Scan the listing below. Copy each line that contains "ccontr".

Start of Information supplied

(* Let $A=\{0,1,2\}$ and let $T\colon A^4\to A$ be given by $T(1,1,2,2)=T(1,2,1,2)=1$ and $T(\mathbf{x})=0$ for all other $\mathbf{x}\in A^4$. For $a\in A$ let $z_a\colon A^2\to A$ be given by $z_a(2,2)=a$ and $z_a(x,y)=0$ otherwise, and for $a,b,c,d,e\in A$ let $f_{a,(b,c,d,e)}\colon A^2\to A$ be given by $f(0,2)=b$, $f(1,2)=c$, $f(2,0)=d$, $f(2,1)=e$, $f(2,2)=a$ and $f(x,y)=0$ for $(x,y)\in\{0,1\}^2$. Then $\{T\}^{*(2)}$ consists of exactly the following 65 functions: \[\{T\}^{*(2)}=\{e^2_1,e^2_2\}\ \dot\cup\ \{z_a : a\in\{0,1,2\}\}\ \dot\cup\ \bigcup_{c\in\{1,2\}}\{f_{a,\mathbf{x}} : a\in\{0,c\},\ \mathbf{x}\in\{0,c\}^4\setminus\{(0,0,0,0)\}\},\] where $e^2_1(x,y)=x$ and $e^2_2(x,y)=y$.
   Context: An $m$-ary $g$ commutes with an $n$-ary $h$ if $g\bigl((h((x_{ij})_{j}))_{i}\bigr)=h\bigl((g((x_{ij})_{i}))_{j}\bigr)$ for all $(x_{ij})\in A^{m\times n}$. For a set $F$ of finitary operations on $A$, $F^*$ is the set of all finitary operations of positive arity commuting with every member of $F$, and $F^{*(2)}$ is the set of binary members of $F^*$. *)

theory Defs
  imports "HOL-Library.Numeral_Type"
begin

text \<open>The base set A = {0,1,2} is the numeral type 3 (elements 0, 1, 2).
  A finitary operation of arity n is represented as a function on lists, read on
  lists of length n.\<close>

type_synonym A = 3

definition commutes :: "nat \<Rightarrow> (A list \<Rightarrow> A) \<Rightarrow> nat \<Rightarrow> (A list \<Rightarrow> A) \<Rightarrow> bool" where
  "commutes m g n h \<longleftrightarrow>
     (\<forall>x :: nat \<Rightarrow> nat \<Rightarrow> A.
        g (map (\<lambda>i. h (map (\<lambda>j. x i j) [0..<n])) [0..<m])
      = h (map (\<lambda>j. g (map (\<lambda>i. x i j) [0..<m])) [0..<n]))"

definition bin_op :: "(A \<Rightarrow> A \<Rightarrow> A) \<Rightarrow> (A list \<Rightarrow> A)" where
  "bin_op b = (\<lambda>xs. b (xs ! 0) (xs ! 1))"

definition quat_op :: "(A \<Rightarrow> A \<Rightarrow> A \<Rightarrow> A \<Rightarrow> A) \<Rightarrow> (A list \<Rightarrow> A)" where
  "quat_op q = (\<lambda>xs. q (xs ! 0) (xs ! 1) (xs ! 2) (xs ! 3))"

definition T :: "A \<Rightarrow> A \<Rightarrow> A \<Rightarrow> A \<Rightarrow> A" where
  "T x1 x2 x3 x4 =
     (if (x1, x2, x3, x4) = (1, 1, 2, 2) \<or> (x1, x2, x3, x4) = (1, 2, 1, 2) then 1 else 0)"

definition T_star2 :: "(A \<Rightarrow> A \<Rightarrow> A) set" where
  "T_star2 = {b. commutes 2 (bin_op b) 4 (quat_op T)}"

definition z :: "A \<Rightarrow> A \<Rightarrow> A \<Rightarrow> A" where
  "z a x y = (if x = 2 \<and> y = 2 then a else 0)"

definition f :: "A \<Rightarrow> A \<Rightarrow> A \<Rightarrow> A \<Rightarrow> A \<Rightarrow> A \<Rightarrow> A \<Rightarrow> A" where
  "f a b c d e x y =
     (if x = 0 \<and> y = 2 then b
      else if x = 1 \<and> y = 2 then c
      else if x = 2 \<and> y = 0 then d
      else if x = 2 \<and> y = 1 then e
      else if x = 2 \<and> y = 2 then a
      else 0)"

end

theory Submission
  imports Defs
begin

text \<open>Feeding columns such as (1,1,2,2), (1,2,1,2) into the commutation identity
  b(T x, T y) = T(b(x_1,y_1), ..., b(x_4,y_4)) gives b(0,0) = 0, and shows that b(1,1) = 1
  forces b to be a projection. Otherwise b vanishes on {0,1}^2, which contains the image
  of T x T, so the identity says that T(b(x_1,y_1), ..., b(x_4,y_4)) is always 0. As T is
  nonzero only on (1,1,2,2) and (1,2,1,2), this holds exactly when b vanishes on {0,1}^2
  and does not take both values 1 and 2. Such operations are parametrised injectively by
  their five values off {0,1}^2, whence 2 + 32 + 32 - 1 = 65.\<close>

lemma A_cases: "(x::A) = 0 \<or> x = 1 \<or> x = 2"
proof (induct x)
  case (of_int z)
  then have "z = 0 \<or> z = 1 \<or> z = 2" by fastforce
  then show ?case by auto
qed

lemma all_A: "(\<forall>x::A. P x) \<longleftrightarrow> P 0 \<and> P 1 \<and> P 2"
  using A_cases by metis

lemma T_values: "T x1 x2 x3 x4 \<in> {0, 1}"
  by (simp add: T_def)

lemma T_nonzero: "T x1 x2 x3 x4 \<noteq> 0 \<Longrightarrow> x1 = 1 \<and> x4 = 2"
  by (auto simp: T_def split: if_splits)

lemma T_pairs [simp]: "T x x y y = (if x = 1 \<and> y = 2 then 1 else 0)"
  by (auto simp: T_def)

lemma T_interleaved [simp]: "T x y x y = (if x = 1 \<and> y = 2 then 1 else 0)"
  by (auto simp: T_def)

definition commutes_with_T :: "(A \<Rightarrow> A \<Rightarrow> A) \<Rightarrow> bool" where
  "commutes_with_T b \<longleftrightarrow> (\<forall>x1 x2 x3 x4 y1 y2 y3 y4.
     b (T x1 x2 x3 x4) (T y1 y2 y3 y4) = T (b x1 y1) (b x2 y2) (b x3 y3) (b x4 y4))"

lemma commutes_with_TD:
  "commutes_with_T b \<Longrightarrow>
     b (T x1 x2 x3 x4) (T y1 y2 y3 y4) = T (b x1 y1) (b x2 y2) (b x3 y3) (b x4 y4)"
  unfolding commutes_with_T_def by blast

lemma commutes_quat_op_T_iff: "commutes 2 (bin_op b) 4 (quat_op T) \<longleftrightarrow> commutes_with_T b"
proof -
  have "commutes 2 (bin_op b) 4 (quat_op T) \<longleftrightarrow>
    (\<forall>x :: nat \<Rightarrow> nat \<Rightarrow> A.
       b (T (x 0 0) (x 0 1) (x 0 2) (x 0 3)) (T (x 1 0) (x 1 1) (x 1 2) (x 1 3))
     = T (b (x 0 0) (x 1 0)) (b (x 0 1) (x 1 1)) (b (x 0 2) (x 1 2)) (b (x 0 3) (x 1 3)))"
    (is "_ \<longleftrightarrow> (\<forall>x. ?hom x)")
    by (simp add: commutes_def bin_op_def quat_op_def upt_rec numeral_2_eq_2 numeral_3_eq_3)
  also have "\<dots> \<longleftrightarrow> commutes_with_T b"
  proof
    assume hom: "\<forall>x. ?hom x"
    show "commutes_with_T b"
      unfolding commutes_with_T_def
    proof (intro allI)
      fix x1 x2 x3 x4 y1 y2 y3 y4
      show "b (T x1 x2 x3 x4) (T y1 y2 y3 y4) = T (b x1 y1) (b x2 y2) (b x3 y3) (b x4 y4)"
        using hom[rule_format, of "\<lambda>i j. [[x1, x2, x3, x4], [y1, y2, y3, y4]] ! i ! j"]
        by simp
    qed
  qed (simp add: commutes_with_T_def)
  finally show ?thesis .
qed

lemma commutes_with_T_flip: "commutes_with_T b \<Longrightarrow> commutes_with_T (\<lambda>x y. b y x)"
  unfolding commutes_with_T_def by blast

lemma commutes_with_T_projections:
  "commutes_with_T (\<lambda>x y. x)" "commutes_with_T (\<lambda>x y. y)"
  unfolding commutes_with_T_def by simp_all

text \<open>In the paper's notation, vanishing_ops c consists of the z_a and f_{a,x} with all
  parameters in {0, c}.\<close>
definition vanishing_ops :: "A \<Rightarrow> (A \<Rightarrow> A \<Rightarrow> A) set" where
  "vanishing_ops c = {h. (\<forall>x\<in>{0, 1}. \<forall>y\<in>{0, 1}. h x y = 0) \<and> (\<forall>x y. h x y \<in> {0, c})}"

lemma commutes_with_T_vanishing_ops:
  assumes "h \<in> vanishing_ops c"
  shows "commutes_with_T h"
  unfolding commutes_with_T_def
proof (intro allI)
  fix x1 x2 x3 x4 y1 y2 y3 y4
  have "h (T x1 x2 x3 x4) (T y1 y2 y3 y4) = 0"
    using assms T_values[of x1 x2 x3 x4] T_values[of y1 y2 y3 y4]
    unfolding vanishing_ops_def by blast
  moreover have "T (h x1 y1) (h x2 y2) (h x3 y3) (h x4 y4) = 0"
  proof (rule ccontr)
    assume "T (h x1 y1) (h x2 y2) (h x3 y3) (h x4 y4) \<noteq> 0"
    then have "h x1 y1 = 1" "h x4 y4 = 2" using T_nonzero by blast+
    moreover have "h x1 y1 \<in> {0, c}" "h x4 y4 \<in> {0, c}"
      using assms by (simp_all add: vanishing_ops_def)
    ultimately show False by simp
  qed
  ultimately show "h (T x1 x2 x3 x4) (T y1 y2 y3 y4) = T (h x1 y1) (h x2 y2) (h x3 y3) (h x4 y4)"
    by simp
qed

lemma commutes_with_T_zero:
  "commutes_with_T b \<Longrightarrow> b 0 0 = 0"
  using commutes_with_TD[of b 0 0 0 0 0 0 0 0] by (simp split: if_splits)

lemma commutes_with_T_first_projection:
  assumes hom: "commutes_with_T b"
    and b11: "b 1 1 = 1" and b12: "b 1 2 = 1" and b21: "b 2 1 = 2" and b22: "b 2 2 = 2"
  shows "b = (\<lambda>x y. x)"
proof -
  note eq = commutes_with_TD[OF hom]
  have b10: "b 1 0 = 1"
    using eq[of 1 1 2 2 2 2 1 1] b12 b21 by (simp add: T_def)
  have b20: "b 2 0 = 2"
    using eq[of 1 1 2 2 1 1 0 0] b10 b11 by (simp add: T_def split: if_splits)
  have b01: "b 0 1 = 0"
    using eq[of 2 2 2 2 1 1 2 2] b21 b22 by (simp add: T_def)
  have "b 0 2 \<noteq> 2"
    using eq[of 1 0 1 0 1 2 1 2] b01 b11 by (simp split: if_splits)
  moreover have "b 0 2 \<noteq> 1"
    using eq[of 0 0 2 2 2 2 2 2] commutes_with_T_zero[OF hom] b22 by (simp split: if_splits)
  ultimately have b02: "b 0 2 = 0"
    using A_cases by blast
  show ?thesis
    using commutes_with_T_zero[OF hom] b01 b02 b10 b11 b12 b20 b21 b22
    by (simp add: fun_eq_iff all_A)
qed

lemma commutes_with_T_projection_cases:
  assumes hom: "commutes_with_T b" and b11: "b 1 1 = 1"
  shows "b = (\<lambda>x y. x) \<or> b = (\<lambda>x y. y)"
proof -
  have "T 1 (b 1 2) (b 2 1) (b 2 2) = 1"
    using commutes_with_TD[OF hom, of 1 1 2 2 1 2 1 2] b11 by (simp add: T_def)
  then consider "b 1 2 = 1" "b 2 1 = 2" "b 2 2 = 2" | "b 1 2 = 2" "b 2 1 = 1" "b 2 2 = 2"
    by (auto simp: T_def split: if_splits)
  then show ?thesis
  proof cases
    case 1
    then show ?thesis using commutes_with_T_first_projection[OF hom b11] by blast
  next
    case 2
    then have "(\<lambda>x y. b y x) = (\<lambda>x y. x)"
      using commutes_with_T_first_projection[OF commutes_with_T_flip[OF hom]] b11 by simp
    then have "b = (\<lambda>x y. y)"
      by (metis (no_types))
    then show ?thesis ..
  qed
qed

lemma commutes_with_T_vanishes_on_01:
  assumes hom: "commutes_with_T b" and b11: "b 1 1 \<noteq> 1"
  shows "\<forall>x\<in>{0, 1}. \<forall>y\<in>{0, 1}. b x y = 0"
proof -
  note eq = commutes_with_TD[OF hom]
  have "b 1 0 = 0"
    using eq[of 1 1 2 2 1 1 0 0] b11 by simp
  moreover have "b 0 1 = 0"
    using eq[of 1 0 1 0 1 2 1 2] b11 by simp
  moreover have "b 1 1 = 0"
    using eq[of 1 1 2 2 1 2 1 2] T_values b11 by (simp add: T_def)
  ultimately show ?thesis
    using commutes_with_T_zero[OF hom] by simp
qed

lemma commutes_with_T_not_1_and_2:
  assumes hom: "commutes_with_T b" and vanish: "\<forall>x\<in>{0, 1}. \<forall>y\<in>{0, 1}. b x y = 0"
  shows "b p q \<noteq> 1 \<or> b r s \<noteq> 2"
proof (rule ccontr)
  assume "\<not> (b p q \<noteq> 1 \<or> b r s \<noteq> 2)"
  then have "b (T p p r r) (T q q s s) = 1"
    using commutes_with_TD[OF hom, of p p r r q q s s] by simp
  moreover have "b (T p p r r) (T q q s s) = 0"
    using vanish T_values by blast
  ultimately show False by simp
qed

lemma commutes_with_T_cases:
  assumes hom: "commutes_with_T b"
  shows "b \<in> {\<lambda>x y. x, \<lambda>x y. y} \<union> vanishing_ops 1 \<union> vanishing_ops 2"
proof (cases "b 1 1 = 1")
  case True
  then show ?thesis using commutes_with_T_projection_cases[OF hom] by blast
next
  case False
  note vanish = commutes_with_T_vanishes_on_01[OF hom False]
  show ?thesis
  proof (cases "\<exists>x y. b x y = 1")
    case True
    then have "\<forall>x y. b x y \<in> {0, 1}"
      using commutes_with_T_not_1_and_2[OF hom vanish] A_cases by blast
    then have "b \<in> vanishing_ops 1"
      using vanish by (simp add: vanishing_ops_def)
    then show ?thesis by blast
  next
    case False
    then have "\<forall>x y. b x y \<in> {0, 2}"
      using A_cases by blast
    then have "b \<in> vanishing_ops 2"
      using vanish by (simp add: vanishing_ops_def)
    then show ?thesis by blast
  qed
qed

lemma T_star2_eq_ops: "T_star2 = {\<lambda>x y. x, \<lambda>x y. y} \<union> vanishing_ops 1 \<union> vanishing_ops 2"
  unfolding T_star2_def commutes_quat_op_T_iff
  using commutes_with_T_cases commutes_with_T_projections commutes_with_T_vanishing_ops
  by blast

definition f_tupled :: "A \<times> A \<times> A \<times> A \<times> A \<Rightarrow> A \<Rightarrow> A \<Rightarrow> A" where
  "f_tupled = (\<lambda>(a, b, c, d, e). f a b c d e)"

lemma inj_f_tupled: "inj f_tupled"
proof (rule injI)
  fix p q
  assume eq: "f_tupled p = f_tupled q"
  obtain a b c d e where p: "p = (a, b, c, d, e)" by (cases p)
  obtain a' b' c' d' e' where q: "q = (a', b', c', d', e')" by (cases q)
  have "f a b c d e x y = f a' b' c' d' e' x y" for x y
    using eq by (simp add: f_tupled_def p q)
  from this[of 2 2] this[of 0 2] this[of 1 2] this[of 2 0] this[of 2 1]
  show "p = q" by (simp add: f_def p q)
qed

lemma vanishing_ops_eq_image:
  "vanishing_ops c = f_tupled ` ({0, c} \<times> {0, c} \<times> {0, c} \<times> {0, c} \<times> {0, c})"
proof (intro set_eqI iffI)
  fix h
  assume h: "h \<in> vanishing_ops c"
  then have "h = f_tupled (h 2 2, h 0 2, h 1 2, h 2 0, h 2 1)"
    by (simp add: vanishing_ops_def f_tupled_def f_def fun_eq_iff all_A)
  moreover have "(h 2 2, h 0 2, h 1 2, h 2 0, h 2 1) \<in> {0, c} \<times> {0, c} \<times> {0, c} \<times> {0, c} \<times> {0, c}"
    using h unfolding vanishing_ops_def by blast
  ultimately show "h \<in> f_tupled ` ({0, c} \<times> {0, c} \<times> {0, c} \<times> {0, c} \<times> {0, c})" ..
qed (auto simp: vanishing_ops_def f_tupled_def f_def)

lemma vanishing_ops_split:
  "vanishing_ops c = {z a | a. a \<in> {0, c}}
     \<union> {f a b c' d e | a b c' d e.
          a \<in> {0, c} \<and> b \<in> {0, c} \<and> c' \<in> {0, c} \<and> d \<in> {0, c} \<and> e \<in> {0, c}
          \<and> (b, c', d, e) \<noteq> (0, 0, 0, 0)}"
proof -
  have z_eq_f: "z a = f a 0 0 0 0" for a
    by (simp add: z_def f_def fun_eq_iff)
  have "vanishing_ops c = {f a b c' d e | a b c' d e.
          a \<in> {0, c} \<and> b \<in> {0, c} \<and> c' \<in> {0, c} \<and> d \<in> {0, c} \<and> e \<in> {0, c}}"
    unfolding vanishing_ops_eq_image f_tupled_def image_def mem_Sigma_iff Bex_def by fast
  then show ?thesis
    unfolding z_eq_f by blast
qed

lemma card_vanishing_ops: "card (vanishing_ops 1 \<union> vanishing_ops 2) = 63"
proof -
  let ?P = "\<lambda>c::A. {0, c} \<times> {0, c} \<times> {0, c} \<times> {0, c} \<times> {0, c}"
  have "card (?P 1) + card (?P 2) = card (?P 1 \<union> ?P 2) + card (?P 1 \<inter> ?P 2)"
    by (rule card_Un_Int) simp_all
  moreover have "card (?P 1) = 32" "card (?P 2) = 32"
    by (simp_all add: card_cartesian_product del: insert_Times_insert)
  moreover have "?P 1 \<inter> ?P 2 = {(0, 0, 0, 0, 0)}"
    by auto
  ultimately have "card (?P 1 \<union> ?P 2) = 63"
    by simp
  then show ?thesis
    unfolding vanishing_ops_eq_image image_Un[symmetric]
    by (simp add: card_image inj_on_subset[OF inj_f_tupled] del: insert_Times_insert)
qed

lemma card_T_star2: "card T_star2 = 65"
proof -
  have "(\<lambda>x y. x) \<noteq> ((\<lambda>x y. y) :: A \<Rightarrow> A \<Rightarrow> A)"
    by (metis zero_neq_one)
  then have "card ({\<lambda>x y. x, \<lambda>x y. y} :: (A \<Rightarrow> A \<Rightarrow> A) set) = 2"
    by simp
  moreover have "card T_star2 =
      card ({\<lambda>x y. x, \<lambda>x y. y} :: (A \<Rightarrow> A \<Rightarrow> A) set) + card (vanishing_ops 1 \<union> vanishing_ops 2)"
    unfolding T_star2_eq_ops Un_assoc
  proof (rule card_Un_disjoint)
    show "finite (vanishing_ops 1 \<union> vanishing_ops 2)"
      using card_vanishing_ops by (simp add: card_ge_0_finite)
    show "{\<lambda>x y. x, \<lambda>x y. y} \<inter> (vanishing_ops 1 \<union> vanishing_ops 2) = {}"
      by (auto simp: vanishing_ops_def)
  qed simp
  ultimately show ?thesis
    using card_vanishing_ops by simp
qed

theorem lemma3p4:
  shows "T_star2 =
           {(\<lambda>x y. x), (\<lambda>x y. y)}
         \<union> {z a | a. a \<in> {0, 1, 2}}
         \<union> (\<Union>c\<in>{1, 2}. {f a b c' d e | a b c' d e.
               a \<in> {0, c} \<and> b \<in> {0, c} \<and> c' \<in> {0, c} \<and> d \<in> {0, c} \<and> e \<in> {0, c}
               \<and> (b, c', d, e) \<noteq> (0, 0, 0, 0)})
       \<and> card T_star2 = 65"
proof -
  have "{z a | a. a \<in> {0, 1, 2}} = {z a | a. a \<in> {0, 1}} \<union> {z a | a. a \<in> {0, 2}}"
    by blast
  then show ?thesis
    using card_T_star2 by (simp add: T_star2_eq_ops vanishing_ops_split Un_ac)
qed

end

End of Information supplied

§ Task output:
  proof (rule ccontr)
proof (rule ccontr)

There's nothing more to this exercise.